I am performing non-negative least squares using scipy. A trivial example would be as follows:
import numpy as np
from scipy.optimize import nnls
A = np.array([[60, 70, 120, 60],[60, 90, 120, 70]], dtype='float32')
b = np.array([6, 5])
x, res = nnls(A, b)
Now, I have a situation where some entries in A or b can be missing (np.NaN). Something like,
A_2 = A.copy()
A_2[0,2] = np.NaN
Ofcourse, running NNLS on A_2, b will not work as scipy does not expect an inf or nan.
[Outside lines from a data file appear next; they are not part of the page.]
(* Let $\psi(\theta;y,x)\in\mathbb R^q$, $\theta\in\Theta\subseteq\mathbb R^q$, and let $\theta(\cdot)$ be the EE functional defined by $E_P[\psi(\theta(P);Y,X)]=0$. Suppose $\mathcal P$ is a class of joint distributions of $(Y,X)$ such that for every $P\in\mathcal P$, with $\hat\theta_N=\theta(\hat P_N)$ the plug-in estimate from $N$ iid draws, $N^{1/2}(\hat\theta_N-\theta(P))\to\mathcal N\big(0,\Lambda_P^{-1}\,V_P[\psi(\theta(P);Y,X)]\,(\Lambda_P^{-1})^{T}\big)$ in distribution, where $\Lambda_P=\nabla_\theta E_P[\psi(\theta;Y,X)]\big|_{\theta=\theta(P)}$ is invertible and $V_P$ denotes the covariance matrix under $P$. Let a fixed dataset of size $N$ have empirical distribution $\hat P_N\in\mathcal P$, and let $\theta^*_M=\theta(P^*_M)$ where $P^*_M$ is the empirical distribution of $M$ iid draws from $\hat P_N$. Then, with $N$ and the data fixed, $M^{1/2}(\theta^*_M-\theta(\hat P_N))$ converges in distribution as $M\to\infty$ to a normal distribution with mean $0$ whose covariance equals the plug-in sandwich estimator $\Lambda_{\hat P_N}^{-1}\,V_{\hat P_N}[\psi(\hat\theta_N;Y,X)]\,(\Lambda_{\hat P_N}^{-1})^{T}$, $\hat\theta_N=\theta(\hat P_N)$.
   Context: An estimating-equation (EE) functional assigns to a joint distribution $P$ of $(Y,X)$ the solution $\theta(P)$ of $E_P[\psi(\theta;Y,X)]=0$, assumed unique. The $M$-of-$N$ bootstrap resamples $M$ cases iid from the empirical distribution of the $N$ observed cases $(y_i,x_i)$. *)

theory Defs
  imports "HOL-Probability.Probability"
begin

text \<open>The EE functional: the (assumed unique) root in Theta of E_P[psi(theta;Y,X)] = 0.\<close>
definition EE_theta :: "(real^'q \<Rightarrow> 'a \<Rightarrow> real^'q) \<Rightarrow> (real^'q) set \<Rightarrow> 'a measure \<Rightarrow> real^'q" where
  "EE_theta psi Theta P =
     (THE th. th \<in> Theta \<and> integrable P (psi th) \<and> (\<integral>z. psi th z \<partial>P) = 0)"

definition EE_Lambda :: "(real^'q \<Rightarrow> 'a \<Rightarrow> real^'q) \<Rightarrow> (real^'q) set \<Rightarrow> 'a measure \<Rightarrow> real^'q^'q" where
  "EE_Lambda psi Theta P = jacobian (\<lambda>th. \<integral>z. psi th z \<partial>P) (at (EE_theta psi Theta P))"

definition cov_matrix :: "'a measure \<Rightarrow> ('a \<Rightarrow> real^'q) \<Rightarrow> real^'q^'q" where
  "cov_matrix P f = (\<chi> i j. \<integral>z. (f z $ i - (\<integral>w. f w \<partial>P) $ i) * (f z $ j - (\<integral>w. f w \<partial>P) $ j) \<partial>P)"

definition sandwich :: "(real^'q \<Rightarrow> 'a \<Rightarrow> real^'q) \<Rightarrow> (real^'q) set \<Rightarrow> 'a measure \<Rightarrow> real^'q^'q" where
  "sandwich psi Theta P =
     matrix_inv (EE_Lambda psi Theta P)
       ** cov_matrix P (psi (EE_theta psi Theta P))
       ** transpose (matrix_inv (EE_Lambda psi Theta P))"

definition empirical :: "nat \<Rightarrow> (nat \<Rightarrow> 'a::topological_space) \<Rightarrow> 'a measure" where
  "empirical n omega = distr (uniform_count_measure {..<n}) borel omega"

definition plugin_law :: "(real^'q \<Rightarrow> 'a::topological_space \<Rightarrow> real^'q) \<Rightarrow> (real^'q) set
     \<Rightarrow> 'a measure \<Rightarrow> nat \<Rightarrow> (real^'q) measure" where
  "plugin_law psi Theta P n =
     distr (PiM {..<n} (\<lambda>_. P)) borel
       (\<lambda>omega. sqrt (real n) *\<^sub>R (EE_theta psi Theta (empirical n omega) - EE_theta psi Theta P))"

definition weak_conv_vec :: "(nat \<Rightarrow> (real^'q) measure) \<Rightarrow> (real^'q) measure \<Rightarrow> bool" where
  "weak_conv_vec mus mu \<longleftrightarrow>
     (\<forall>f :: real^'q \<Rightarrow> real. continuous_on UNIV f \<and> bounded (range f) \<longrightarrow>
        (\<lambda>n. \<integral>x. f x \<partial>mus n) \<longlonglongrightarrow> (\<integral>x. f x \<partial>mu))"

text \<open>mu is the (possibly degenerate) normal distribution N(0, S) on R^q,
  defined via its characteristic function.\<close>
definition mvnormal0 :: "(real^'q) measure \<Rightarrow> real^'q^'q \<Rightarrow> bool" where
  "mvnormal0 mu S \<longleftrightarrow> prob_space mu \<and> sets mu = sets borel \<and>
     (\<forall>t. (\<integral>z. cis (t \<bullet> z) \<partial>mu) = complex_of_real (exp (- (t \<bullet> (S *v t)) / 2)))"

end

theory Submission
  imports Defs
begin

theorem corollary6:
  fixes psi :: "real^'q \<Rightarrow> 'a::topological_space \<Rightarrow> real^'q"
    and Theta :: "(real^'q) set"
    and PP :: "'a measure set"
    and N :: nat
    and x :: "nat \<Rightarrow> 'a"
  assumes PP_prob: "\<forall>P\<in>PP. prob_space P \<and> sets P = sets borel"
    and unique_root: "\<forall>P\<in>PP. \<exists>!th. th \<in> Theta \<and> integrable P (psi th) \<and> (\<integral>z. psi th z \<partial>P) = 0"
    and Lambda_inv: "\<forall>P\<in>PP. (\<lambda>th. \<integral>z. psi th z \<partial>P) differentiable (at (EE_theta psi Theta P))
                       \<and> invertible (EE_Lambda psi Theta P)"
    and asym_normal: "\<forall>P\<in>PP. \<exists>mu. mvnormal0 mu (sandwich psi Theta P)
                       \<and> weak_conv_vec (plugin_law psi Theta P) mu"
    and N_pos: "0 < N"
    and data_in: "empirical N x \<in> PP"
  shows "\<exists>mu. mvnormal0 mu (sandwich psi Theta (empirical N x))
           \<and> weak_conv_vec (plugin_law psi Theta (empirical N x)) mu"
  \<comment> \<open>The M-of-N bootstrap law is the plug-in law of the EE functional under the
      population \<open>empirical N x\<close>, so the assumed asymptotic normality applies to it directly.\<close>
  using asym_normal[rule_format, OF data_in] .

end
How can we perform NNLS masking out the missing entry from the computation. Effectively, this should translate to
Minimize |(A_2.x- b)[mask]|
where mask can be defined as:
mask = ~np.isnan(A_2)
In general, entries can be missing from both A and b.
Possibly helpful:
[1] How to include constraint to Scipy NNLS function solution so that it sums to 1
I think you can compute the mask first (determine which points you want included) and then perform NNLS. Given the mask
In []: mask
Out[]:
array([[ True, True, False, True],
[ True, True, True, True]], dtype=bool)
you can verify whether to include a point by checking if all values in a column are True using np.all along the first axis.
In []: np.all(mask, axis=0)
Out[]: array([ True, True, False, True], dtype=bool)
This can then be used as a column mask for A.
In []: nnls(A_2[:,np.all(mask, axis=0)], b)
Out[]: (array([ 0.09166667, 0. , 0. ]), 0.7071067811865482)
The same idea can be used for b to construct a row mask.